10. The system (100) according to any one of claims 1 to 6, wherein the lubricant supply device (101) is in flow communication with a first set of crankshaft bearings (K) and the hydraulic supply line (13) for supplying the length adjustment device (16) is in flow communication with a second set of crankshaft bearings (K), wherein the first set of crankshaft bearings does not contain the second set of crankshaft bearings (K) and the supply device (37) is provided for lubricating the second set of crankshaft bearings (K) with lubricant also via the hydraulic supply line (13) in addition to lubricating the first set of crankshaft bearings (K) with lubricant via the lubricant supply device (101).

11. A method (110) for adjusting the effective length of a length-adjustable connecting rod (1) of an internal combustion engine, in particular of a reciprocating piston engine, wherein the connecting rod (1) has at least one first rod part (4) and a second rod part (5) and the two rod parts (4, 5) are moved, in particular telescopically, relative to one another and/or into one another by means of a length adjustment device (16) in the direction of a longitudinal axis (1a) of the rod parts (4, 5), wherein,

-lubricant is extracted from the lubricant reservoir (38) by means of a supply device (37), wherein the supply device (37) can be in flow communication on the output side both with the lubricant supply device (101) and with the hydraulic supply line (13), by means of which lubricant supply device at least one crankshaft bearing (K) and/or crank pin bearing (3c) of the internal combustion engine can be loaded with lubricant and by means of the hydraulic supply line the length adjustment device (16) can be loaded with lubricant used as hydraulic medium,

-the extracted first part of the lubricant for lubricating the at least one crankshaft bearing (K) and/or the crankpin bearing (3c) is conducted into a lubricant supply (101), and

-a second portion of the extracted lubricant for moving the two rod parts (4, 5) relative to and/or into each other is led into the hydraulic supply line (13).

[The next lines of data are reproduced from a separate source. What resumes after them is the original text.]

lemma matrix_mul_adjugate: "A ** adjugate A = mat (det A)"
proof -
  have rows: "(\<Sum>i\<in>UNIV. A$j$i *s axis i 1) = row j A" for j
    by (simp add: vec_eq_iff row_def sum_component axis_def vector_scalar_mult_def if_distrib cong: if_cong)
  have replace: "det (\<chi> l. if l = k then row j A else row l A) = (if j = k then det A else 0)" for j k
  proof (cases "j = k")
    case True
    then have "(\<chi> l. if l = k then row j A else row l A) = A"
      by (simp add: vec_eq_iff row_def)
    then show ?thesis using True by simp
  next
    case False
    then show ?thesis
      using det_identical_rows[of j k "\<chi> l. if l = k then row j A else row l A"]
      by (simp add: row_def vec_eq_iff)
  qed
  have "(A ** adjugate A) $ j $ k = (\<Sum>i\<in>UNIV. det (\<chi> l. if l = k then A$j$i *s axis i 1 else row l A))"
    for j k by (simp add: matrix_matrix_mult_def adjugate_def det_row_mul)
  also have "\<dots> j k = det (\<chi> l. if l = k then row j A else row l A)" for j k
    using det_linear_row_sum[of UNIV k "\<lambda>_ i. A$j$i *s axis i 1" "\<lambda>l. row l A"]
    unfolding rows by simp
  finally show ?thesis by (simp add: vec_eq_iff mat_def replace)
qed

lemma SL_inverse:
  fixes A :: "'a::comm_ring_1 ^ 'n::finite ^ 'n"
  assumes "det A = 1"
  shows "det (adjugate A) = 1" "A ** adjugate A = mat 1" "adjugate A ** A = mat 1"
proof -
  show right: "A ** adjugate A = mat 1" using assms by (simp add: matrix_mul_adjugate)
  then show det: "det (adjugate A) = 1" using det_mul[of A "adjugate A"] assms by simp
  have "adjugate A ** adjugate (adjugate A) = mat 1" using det by (simp add: matrix_mul_adjugate)
  moreover have "adjugate (adjugate A) = A"
    by (metis calculation matrix_mul_assoc matrix_mul_lid matrix_mul_rid right)
  ultimately show "adjugate A ** A = mat 1" by simp
qed

lemma SL_simps [simp]: "carrier SL = {A. det A = 1}" "monoid.mult SL A B = A ** B" "one SL = mat 1"
  by (simp_all add: SL_def)

lemma group_SL: "group (SL :: ('a::comm_ring_1 ^ 'n::finite ^ 'n) monoid)"
  by (rule groupI) (auto simp: det_mul matrix_mul_assoc intro: SL_inverse)


section \<open>Congruence subgroups\<close>

lemma entrywise_dvd_iff: "(\<forall>i j. t dvd B $ i $ j) \<longleftrightarrow> (\<exists>X. B = mat t ** X)"
  for B :: "'a::comm_ring_1 ^ 'n::finite ^ 'm"
proof
  assume "\<forall>i j. t dvd B $ i $ j"
  then have "B = mat t ** (\<chi> i j. SOME b. B $ i $ j = t * b)"
    by (simp add: vec_eq_iff dvd_def) (metis (mono_tags) someI_ex)
  then show "\<exists>X. B = mat t ** X" ..
qed auto

lemma cong_sub_iff:
  "A \<in> cong_sub p m \<longleftrightarrow> det A = 1 \<and> (\<exists>X. A = mat 1 + mat (of_nat p ^ m) ** X)"
  for A :: "'a::comm_ring_1 ^ 'n::finite ^ 'n"
proof -
  have "(\<forall>i j. \<exists>b. (A - mat 1) $ i $ j = of_nat p ^ m * b) \<longleftrightarrow> (\<exists>X. A - mat 1 = mat (of_nat p ^ m) ** X)"
    unfolding entrywise_dvd_iff[symmetric] dvd_def ..
  then show ?thesis by (auto simp: cong_sub_def algebra_simps)
qed

lemma subgroup_cong_sub: "subgroup (cong_sub p m :: ('a::comm_ring_1 ^ 'n::finite ^ 'n) set) SL"
proof -
  interpret SL: group "SL :: ('a ^ 'n ^ 'n) monoid" by (rule group_SL)
  let ?t = "of_nat p ^ m :: 'a"
  show ?thesis
  proof (rule SL.subgroupI)
    have "mat 1 \<in> (cong_sub p m :: ('a ^ 'n ^ 'n) set)"
      unfolding cong_sub_iff by (intro conjI exI[of _ 0]) simp_all
    then show "cong_sub p m \<noteq> ({} :: ('a ^ 'n ^ 'n) set)" by blast
  next
    fix A B :: "'a ^ 'n ^ 'n"
    assume "A \<in> cong_sub p m" "B \<in> cong_sub p m"
    then show "A \<otimes>\<^bsub>SL\<^esub> B \<in> cong_sub p m"
      by (auto simp: cong_sub_iff det_mul mat_one_add_scaled_mult)
  next
    fix A :: "'a ^ 'n ^ 'n"
    assume "A \<in> cong_sub p m"
    then obtain X where det: "det A = 1" and A: "A = mat 1 + mat ?t ** X"
      by (auto simp: cong_sub_iff)
    have inv: "inv\<^bsub>SL\<^esub> A = adjugate A"
      by (rule SL.inv_equality) (use SL_inverse[OF det] det in auto)
    have "adjugate A = adjugate A ** A - adjugate A ** (mat ?t ** X)"
      by (simp add: A matrix_add_ldistrib)
    also have "\<dots> = mat 1 - mat ?t ** (adjugate A ** X)"
      by (metis SL_inverse(3)[OF det] matrix_mul_assoc mat_mult_commute)
    also have "\<dots> = mat 1 + mat ?t ** (- (adjugate A ** X))"
      by (simp add: vec_eq_iff)
    finally show "inv\<^bsub>SL\<^esub> A \<in> cong_sub p m"
      unfolding inv cong_sub_iff using SL_inverse(1)[OF det] by blast
  qed (auto simp: cong_sub_def)
qed

lemma group_cong_sub: "group (SL\<lparr>carrier := cong_sub p m\<rparr> :: ('a::comm_ring_1 ^ 'n::finite ^ 'n) monoid)"
  by (rule group.subgroup_imp_group[OF group_SL subgroup_cong_sub])

lemma group_free_mod_group: "group (free_mod_group q V)"
  unfolding free_mod_group_def by (rule sum_group) simp

lemma carrier_free_mod_group:
  "q \<noteq> 0 \<Longrightarrow> carrier (free_mod_group q V) = {g \<in> V \<rightarrow>\<^sub>E {0..<int q}. finite {v\<in>V. g v \<noteq> 0}}"
  unfolding free_mod_group_def by (subst carrier_sum_group) (auto simp: carrier_integer_mod_group)

lemma one_free_mod_group [simp]: "one (free_mod_group q V) = (\<lambda>v\<in>V. 0)"
  by (simp add: free_mod_group_def)

lemma mult_free_mod_group [simp]:
  "monoid.mult (free_mod_group q V) = (\<lambda>x y. \<lambda>v\<in>V. (x v + y v) mod int q)"
  by (simp add: free_mod_group_def)


section \<open>The quotient \<open>\<Gamma>\<^sub>r / \<Gamma>\<^sub>r\<^sub>+\<^sub>s\<close>\<close>

text \<open>The index set \<open>I\<close> enumerates all matrix positions except \<open>(corner, corner)\<close>; that entry
  is omitted because it is determined by the others modulo \<open>p\<^sup>s\<close> (see \<open>corner_dvd\<close>).\<close>

locale congruence_quotient =
  fixes V :: "'a::comm_ring_1 set" and p r s :: nat
    and I :: "'i set" and e :: "'i \<Rightarrow> 'n::finite \<times> 'n" and corner :: 'n
  assumes basis: "Z_basis V" and p_nonzero: "p \<noteq> 0" and s_le_r: "s \<le> r"
    and e_bij: "bij_betw e I (UNIV - {(corner, corner)})"
begin

abbreviation pr :: 'a where "pr \<equiv> of_nat p ^ r"

abbreviation ps :: 'a where "ps \<equiv> of_nat p ^ s"

abbreviation q :: nat where "q \<equiv> p ^ s"

abbreviation target :: "('i \<Rightarrow> 'a \<Rightarrow> int) monoid" where
  "target \<equiv> sum_group I (\<lambda>_. free_mod_group q V)"

abbreviation Gamma :: "('a ^ 'n ^ 'n) monoid" where
  "Gamma \<equiv> SL\<lparr>carrier := cong_sub p r\<rparr>"

definition reduce :: "'a ^ 'n ^ 'n \<Rightarrow> 'i \<Rightarrow> 'a \<Rightarrow> int" where
  "reduce X = (\<lambda>k\<in>I. \<lambda>v\<in>V. basis_coord V (X $ fst (e k) $ snd (e k)) v mod int q)"

definition level_quotient :: "'a ^ 'n ^ 'n \<Rightarrow> 'a ^ 'n ^ 'n" where
  "level_quotient A = (SOME X. A = mat 1 + mat pr ** X)"

definition leading_term :: "'a ^ 'n ^ 'n \<Rightarrow> 'i \<Rightarrow> 'a \<Rightarrow> int" where
  "leading_term A = reduce (level_quotient A)"

lemma q_nonzero: "q \<noteq> 0"
  using p_nonzero by simp

lemma finite_I: "finite I"
  using bij_betw_finite[OF e_bij] by simp

lemma group_target: "group target"
  by (rule sum_group) (rule group_free_mod_group)

lemma carrier_target:
  "carrier target = I \<rightarrow>\<^sub>E {g \<in> V \<rightarrow>\<^sub>E {0..<int q}. finite {v\<in>V. g v \<noteq> 0}}"
  using finite_I
  by (subst carrier_sum_group) (auto intro: group_free_mod_group simp: carrier_free_mod_group[OF q_nonzero])

lemma level_quotient_eq: "level_quotient (mat 1 + mat pr ** X) = X"
  unfolding level_quotient_def
proof (rule some_equality)
  fix Y
  assume "mat 1 + mat pr ** X = mat 1 + mat pr ** Y"
  then have "of_nat (p ^ r) * Y $ i $ j = of_nat (p ^ r) * X $ i $ j" for i j
    by (metis add_left_cancel mat_mult_nth of_nat_power)
  then have "Y $ i $ j = X $ i $ j" for i j
    using Z_basis_mult_left_cancel[OF basis] p_nonzero by (metis power_eq_0_iff)
  then show "Y = X" by (simp add: vec_eq_iff)
qed simp

lemma level_quotient: "A \<in> cong_sub p r \<Longrightarrow> A = mat 1 + mat pr ** level_quotient A"
  unfolding cong_sub_iff using level_quotient_eq by auto

lemma reduce_in_carrier: "reduce X \<in> carrier target"
proof -
  have "finite {v\<in>V. (\<lambda>v\<in>V. basis_coord V x v mod int q) v \<noteq> 0}" for x
    by (rule finite_subset[OF _ basis_coord_support(1)[OF basis, of x]]) auto
  then show ?thesis
    using q_nonzero unfolding carrier_target reduce_def by auto
qed

lemma reduce_add: "reduce (X + Y) = reduce X \<otimes>\<^bsub>target\<^esub> reduce Y"
  by (auto simp: reduce_def basis_coord_add[OF basis] mod_add_eq fun_eq_iff)

lemma reduce_eq_one_iff:
  "reduce X = \<one>\<^bsub>target\<^esub> \<longleftrightarrow> (\<forall>i j. (i, j) \<noteq> (corner, corner) \<longrightarrow> ps dvd X $ i $ j)"
proof -
  have "reduce X = \<one>\<^bsub>target\<^esub> \<longleftrightarrow> (\<forall>k\<in>I. \<forall>v. int q dvd basis_coord V (X $ fst (e k) $ snd (e k)) v)"
    by (auto simp: reduce_def fun_eq_iff restrict_def dvd_eq_mod_eq_0) (metis basis_coord_outside mod_0)
  also have "\<dots> \<longleftrightarrow> (\<forall>k\<in>I. ps dvd X $ fst (e k) $ snd (e k))"
    by (simp only: Z_basis_of_nat_dvd_iff[OF basis, of "p ^ s", unfolded of_nat_power[where 'a = 'a]])
  also have "\<dots> \<longleftrightarrow> (\<forall>\<sigma>\<in>e ` I. ps dvd X $ fst \<sigma> $ snd \<sigma>)"
    by simp
  also have "e ` I = UNIV - {(corner, corner)}"
    using e_bij by (simp add: bij_betw_def)
  finally show ?thesis by (simp only: Ball_def split_paired_All Diff_iff UNIV_I singleton_iff simp_thms fst_conv snd_conv)
qed


lemma reduce_cong:
  assumes "\<And>i j. (i, j) \<noteq> (corner, corner) \<Longrightarrow> X $ i $ j = Y $ i $ j"
  shows "reduce X = reduce Y"
proof -
  have "X $ fst (e k) $ snd (e k) = Y $ fst (e k) $ snd (e k)" if "k \<in> I" for k
    using that e_bij assms[of "fst (e k)" "snd (e k)"] by (auto simp: bij_betw_def)
  then show ?thesis
    unfolding reduce_def by (intro restrict_ext) simp
qed

lemma ps_dvd_pr: "ps dvd pr"
  using s_le_r by (simp add: le_imp_power_dvd)

lemma reduce_multiple: "reduce (mat pr ** Z) = \<one>\<^bsub>target\<^esub>"
  unfolding reduce_eq_one_iff using ps_dvd_pr by simp

lemma leading_term_mult:
  assumes "A \<in> cong_sub p r" "B \<in> cong_sub p r"
  shows "leading_term (A ** B) = leading_term A \<otimes>\<^bsub>target\<^esub> leading_term B"
proof -
  interpret target: group target by (rule group_target)
  let ?X = "level_quotient A" and ?Y = "level_quotient B"
  have "A ** B = mat 1 + mat pr ** (?X + ?Y + mat pr ** (?X ** ?Y))"
    using level_quotient[OF assms(1)] level_quotient[OF assms(2)] mat_one_add_scaled_mult by metis
  then have "leading_term (A ** B) = reduce ?X \<otimes>\<^bsub>target\<^esub> reduce ?Y \<otimes>\<^bsub>target\<^esub> \<one>\<^bsub>target\<^esub>"
    by (simp only: leading_term_def level_quotient_eq reduce_add reduce_multiple)
  also have "\<dots> = reduce ?X \<otimes>\<^bsub>target\<^esub> reduce ?Y"
    by (intro target.r_one target.m_closed reduce_in_carrier)
  finally show ?thesis unfolding leading_term_def .
qed

lemma group_hom_leading_term: "group_hom Gamma target leading_term"
  by (auto simp: group_hom_def group_hom_axioms_def hom_def group_cong_sub group_target
      leading_term_def reduce_in_carrier leading_term_mult[unfolded leading_term_def])

lemma cong_sub_add_iff:
  "A \<in> cong_sub p (r + s) \<longleftrightarrow> A \<in> cong_sub p r \<and> (\<forall>i j. ps dvd level_quotient A $ i $ j)"
proof -
  have scale: "mat (of_nat p ^ (r + s)) ** Y = mat pr ** (mat ps ** Y)" for Y :: "'a ^ 'n ^ 'n"
    by (simp add: matrix_mul_assoc mat_mult_mat power_add)
  show ?thesis
  proof
    assume "A \<in> cong_sub p (r + s)"
    then obtain Y where det: "det A = 1" and A: "A = mat 1 + mat pr ** (mat ps ** Y)"
      unfolding cong_sub_iff scale by blast
    then have "A \<in> cong_sub p r"
      unfolding cong_sub_iff by blast
    moreover have "level_quotient A = mat ps ** Y"
      unfolding A by (rule level_quotient_eq)
    ultimately show "A \<in> cong_sub p r \<and> (\<forall>i j. ps dvd level_quotient A $ i $ j)"
      by simp
  next
    assume "A \<in> cong_sub p r \<and> (\<forall>i j. ps dvd level_quotient A $ i $ j)"
    then obtain Y where A: "A \<in> cong_sub p r" and "level_quotient A = mat ps ** Y"
      unfolding entrywise_dvd_iff by blast
    then have "A = mat 1 + mat (of_nat p ^ (r + s)) ** Y"
      unfolding scale using level_quotient by metis
    with A show "A \<in> cong_sub p (r + s)"
      unfolding cong_sub_iff by blast
  qed
qed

12. An internal combustion engine, in particular a reciprocating piston engine, comprising: a length-adjustable connecting rod (1) having at least one first connecting rod part (4) and a second connecting rod part (5), wherein the two connecting rod parts (4, 5) are moved, in particular telescopically, relative to one another and/or into one another by means of a length adjustment device (16) in the direction of a longitudinal axis (1a) of the connecting rod parts (4, 5); and a system (100) according to any of claims 1 to 10.